Monday, 29 January 2024: 4:45 PM
338 (The Baltimore Convention Center)
Super-resolution is the general objective of artificially increasing the spatial resolution of an imaging system. Recently, there have been many promising ML-based approaches for satellite image super-resolution and pan-sharpening. In this abstract, we present a convolutional neural network (CNN) we developed to super-resolve the 1-km and 2-km bands on the GOES-R series Advanced Baseline Imager (ABI) to a common high resolution of 0.5 km. The super-resolution of the lower-resolution bands is aided by the native 0.5-km observations from Band-2 available during the daytime only.
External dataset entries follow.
(* Let $\kappa$ be a regular uncountable cardinal, let $J$ be a $\kappa$-complete ideal on $\kappa$ with $NS_\kappa \subseteq J$, and let $\eta$ be an infinite ordinal less than $Depth([\kappa]^\kappa, \searrow)$ (respectively, less than $Depth([\kappa]^\kappa, \nearrow)$). Suppose that $\clubsuit^{\rm ev}_\kappa[J]$ holds. Then there exists a descending (respectively, ascending) $(J, I_\kappa)$-tower of length $\eta$.
   Context: An ideal on $\kappa$ is a nonempty $J \subseteq P(\kappa)$ with $\kappa \notin J$, every bounded subset of $\kappa$ in $J$, $J$ closed under subsets and under unions of two members. $J^+ = P(\kappa)\setminus J$. $J$ is $\kappa$-complete if the union of fewer than $\kappa$ members of $J$ is in $J$. $I_\kappa$ is the ideal of bounded subsets of $\kappa$, $NS_\kappa$ the nonstationary ideal, $[\kappa]^\kappa$ the set of subsets of $\kappa$ of size $\kappa$, and $acc(\kappa)$ the set of nonzero limit ordinals below $\kappa$. $\clubsuit^{\rm ev}_\kappa[J]$ asserts the existence of $s_\alpha \subseteq \alpha$ with $\sup s_\alpha = \alpha$ for $\alpha \in acc(\kappa)$ such that $\{\alpha \in acc(\kappa) : \exists \beta < \alpha\, (s_\alpha \setminus \beta \subseteq A)\} \in J^+$ for all $A \in [\kappa]^\kappa$. For an ideal $J$ on $\kappa$, $Y \subseteq P(\kappa)$ and an ordinal $\delta$, a descending (respectively, ascending) $(J,Y)$-tower of length $\delta$ is a sequence $\langle A_\alpha : \alpha < \delta\rangle$ with each $A_\alpha \in J^+$ such that whenever $\alpha < \beta < \delta$: $A_\beta \setminus A_\alpha \in Y$ and $A_\alpha \setminus A_\beta \in J^+$ (respectively, $A_\alpha \setminus A_\beta \in Y$ and $A_\beta \setminus A_\alpha \in J^+$). $Depth([\kappa]^\kappa, \nearrow)$ (respectively, $Depth([\kappa]^\kappa, \searrow)$) is the least ordinal $\eta$ such that there is no ascending (respectively, descending) $(I_\kappa, I_\kappa)$-tower of length $\eta$. *)

theory Defs
  imports Main "HOL-Library.Countable_Set"
begin

unbundle cardinal_syntax

text \<open>A cardinal kappa is represented by a cardinal order k on the type 'a
  (card_order k, so Field k = UNIV); the ordinals below kappa are the elements
  of 'a, ordered by k.\<close>

definition olt :: "'a rel \<Rightarrow> 'a \<Rightarrow> 'a \<Rightarrow> bool" where
  "olt k x y \<longleftrightarrow> (x, y) \<in> k \<and> x \<noteq> y"

definition below :: "'a rel \<Rightarrow> 'a \<Rightarrow> 'a set" where
  "below k \<alpha> = {\<beta>. olt k \<beta> \<alpha>}"

definition bounded_in :: "'a rel \<Rightarrow> 'a set \<Rightarrow> bool" where
  "bounded_in k A \<longleftrightarrow> (\<exists>\<beta>. A \<subseteq> below k \<beta>)"

definition I_bd :: "'a rel \<Rightarrow> 'a set set" where
  "I_bd k = {A. bounded_in k A}"

text \<open>acc(kappa): nonzero limit ordinals below kappa.\<close>
definition acc :: "'a rel \<Rightarrow> 'a set" where
  "acc k = {\<alpha>. (\<exists>\<beta>. olt k \<beta> \<alpha>) \<and>
                (\<forall>\<beta>. olt k \<beta> \<alpha> \<longrightarrow> (\<exists>\<gamma>. olt k \<beta> \<gamma> \<and> olt k \<gamma> \<alpha>))}"

definition is_ideal :: "'a rel \<Rightarrow> 'a set set \<Rightarrow> bool" where
  "is_ideal k J \<longleftrightarrow> J \<noteq> {} \<and> UNIV \<notin> J \<and>
     (\<forall>A. bounded_in k A \<longrightarrow> A \<in> J) \<and>
     (\<forall>A B. A \<in> J \<longrightarrow> B \<subseteq> A \<longrightarrow> B \<in> J) \<and>
     (\<forall>A B. A \<in> J \<longrightarrow> B \<in> J \<longrightarrow> A \<union> B \<in> J)"

definition kappa_complete :: "'a rel \<Rightarrow> 'a set set \<Rightarrow> bool" where
  "kappa_complete k J \<longleftrightarrow> (\<forall>F. F \<subseteq> J \<longrightarrow> |F| <o k \<longrightarrow> \<Union>F \<in> J)"

definition club :: "'a rel \<Rightarrow> 'a set \<Rightarrow> bool" where
  "club k C \<longleftrightarrow> (\<forall>\<alpha>. \<exists>\<beta>\<in>C. olt k \<alpha> \<beta>) \<and>
     (\<forall>\<alpha>\<in>acc k. (\<forall>\<beta>. olt k \<beta> \<alpha> \<longrightarrow> (\<exists>\<gamma>\<in>C. olt k \<beta> \<gamma> \<and> olt k \<gamma> \<alpha>)) \<longrightarrow> \<alpha> \<in> C)"

definition stationary :: "'a rel \<Rightarrow> 'a set \<Rightarrow> bool" where
  "stationary k A \<longleftrightarrow> (\<forall>C. club k C \<longrightarrow> A \<inter> C \<noteq> {})"

definition NS :: "'a rel \<Rightarrow> 'a set set" where
  "NS k = {A. \<not> stationary k A}"

definition clubsuit_ev :: "'a rel \<Rightarrow> 'a set set \<Rightarrow> bool" where
  "clubsuit_ev k J \<longleftrightarrow> (\<exists>s :: 'a \<Rightarrow> 'a set.
     (\<forall>\<alpha>\<in>acc k. s \<alpha> \<subseteq> below k \<alpha> \<and>
        (\<forall>\<beta>. olt k \<beta> \<alpha> \<longrightarrow> (\<exists>\<gamma>\<in>s \<alpha>. (\<beta>, \<gamma>) \<in> k))) \<and>
     (\<forall>A. |A| =o k \<longrightarrow>
        {\<alpha>\<in>acc k. \<exists>\<beta>. olt k \<beta> \<alpha> \<and> s \<alpha> - below k \<beta> \<subseteq> A} \<notin> J))"

text \<open>Towers of length eta, eta a well-order on 'b; the sequence is indexed by Field eta.
  Membership in J^+ is expressed as non-membership in J.\<close>
definition desc_tower :: "'a set set \<Rightarrow> 'a set set \<Rightarrow> 'b rel \<Rightarrow> ('b \<Rightarrow> 'a set) \<Rightarrow> bool" where
  "desc_tower J Y \<eta> A \<longleftrightarrow> (\<forall>x\<in>Field \<eta>. A x \<notin> J) \<and>
     (\<forall>x\<in>Field \<eta>. \<forall>y\<in>Field \<eta>. (x, y) \<in> \<eta> \<and> x \<noteq> y \<longrightarrow>
        A y - A x \<in> Y \<and> A x - A y \<notin> J)"

definition asc_tower :: "'a set set \<Rightarrow> 'a set set \<Rightarrow> 'b rel \<Rightarrow> ('b \<Rightarrow> 'a set) \<Rightarrow> bool" where
  "asc_tower J Y \<eta> A \<longleftrightarrow> (\<forall>x\<in>Field \<eta>. A x \<notin> J) \<and>
     (\<forall>x\<in>Field \<eta>. \<forall>y\<in>Field \<eta>. (x, y) \<in> \<eta> \<and> x \<noteq> y \<longrightarrow>
        A x - A y \<in> Y \<and> A y - A x \<notin> J)"

text \<open>eta < Depth([kappa]^kappa, descending): since Depth is the least ordinal with no
  descending (I_kappa, I_kappa)-tower of that length, eta is below it iff every ordinal
  xi \<le> eta admits such a tower.  Every ordinal \<le> eta is represented (up to isomorphism)
  by a well-order on the same type as eta.\<close>
definition below_depth_desc :: "'a rel \<Rightarrow> 'b rel \<Rightarrow> bool" where
  "below_depth_desc k \<eta> \<longleftrightarrow> (\<forall>\<xi> :: 'b rel. Well_order \<xi> \<longrightarrow> \<xi> \<le>o \<eta> \<longrightarrow>
      (\<exists>A :: 'b \<Rightarrow> 'a set. desc_tower (I_bd k) (I_bd k) \<xi> A))"

definition below_depth_asc :: "'a rel \<Rightarrow> 'b rel \<Rightarrow> bool" where
  "below_depth_asc k \<eta> \<longleftrightarrow> (\<forall>\<xi> :: 'b rel. Well_order \<xi> \<longrightarrow> \<xi> \<le>o \<eta> \<longrightarrow>
      (\<exists>A :: 'b \<Rightarrow> 'a set. asc_tower (I_bd k) (I_bd k) \<xi> A))"

end

theory Submission
  imports Defs
begin

text \<open>Fix a \<open>\<clubsuit>\<^sup>e\<^sup>v\<close>-sequence \<open>s\<close> and send \<open>B \<subseteq> \<kappa>\<close> to \<open>G B\<close>, the set of limits \<open>\<alpha>\<close> whose
  ladder \<open>s \<alpha>\<close> eventually lies inside \<open>B\<close>.  If \<open>B - B'\<close> is bounded by \<open>\<gamma>\<close>, every \<open>\<alpha> > \<gamma>\<close> in
  \<open>G B\<close> is also in \<open>G B'\<close>, so \<open>G B - G B'\<close> is bounded.  Since ladders are cofinal, \<open>G\<close> maps
  disjoint sets to disjoint sets, hence \<open>G (B - B') \<subseteq> G B - G B'\<close>; if \<open>B - B'\<close> is unbounded,
  it has size \<open>\<kappa>\<close> by regularity and \<open>G (B - B')\<close> is \<open>J\<close>-positive by \<open>\<clubsuit>\<^sup>e\<^sup>v\<close>.  So \<open>G\<close> maps an
  \<open>(I\<^sub>\<kappa>, I\<^sub>\<kappa>)\<close>-tower of length \<open>\<eta>\<close> pointwise to a \<open>(J, I\<^sub>\<kappa>)\<close>-tower.\<close>

definition guessing_set :: "'a rel \<Rightarrow> ('a \<Rightarrow> 'a set) \<Rightarrow> 'a set \<Rightarrow> 'a set" where
  "guessing_set k s B = {\<alpha>\<in>acc k. \<exists>\<beta>. olt k \<beta> \<alpha> \<and> s \<alpha> - below k \<beta> \<subseteq> B}"

lemma clubsuit_ev_guessing_set:
  "clubsuit_ev k J \<longleftrightarrow> (\<exists>s.
     (\<forall>\<alpha>\<in>acc k. s \<alpha> \<subseteq> below k \<alpha> \<and> (\<forall>\<beta>. olt k \<beta> \<alpha> \<longrightarrow> (\<exists>\<gamma>\<in>s \<alpha>. (\<beta>, \<gamma>) \<in> k))) \<and>
     (\<forall>A. |A| =o k \<longrightarrow> guessing_set k s A \<notin> J))"
  unfolding clubsuit_ev_def guessing_set_def ..

lemma guessing_set_mono: "B \<subseteq> B' \<Longrightarrow> guessing_set k s B \<subseteq> guessing_set k s B'"
  unfolding guessing_set_def by blast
We first train the CNN on a proxy task that involves degrading the resolution of ABI bands and training the CNN to restore the original imagery. Once trained, this model can be applied at ABI’s native resolution to super-resolve all channels to 0.5-km resolution. Access to native 0.5-km visible imagery from ABI Band-2 enables the CNN to realistically sharpen lower-resolution bands without significant blurring. Comparisons at reduced resolution and at full resolution with Landsat-8/9 observations illustrate that the CNN produces images with realistic high-frequency detail that is not present in a bicubic interpolation baseline. These comparisons include evaluations of pixel-wise error, overall spatial structure, the preservation of spectral relationships and the presence of accurate high-frequency detail. This general approach is readily extensible to other remote sensing instruments that have bands with different spatial resolutions and requires only a small amount of data and knowledge of each channel's spatial response.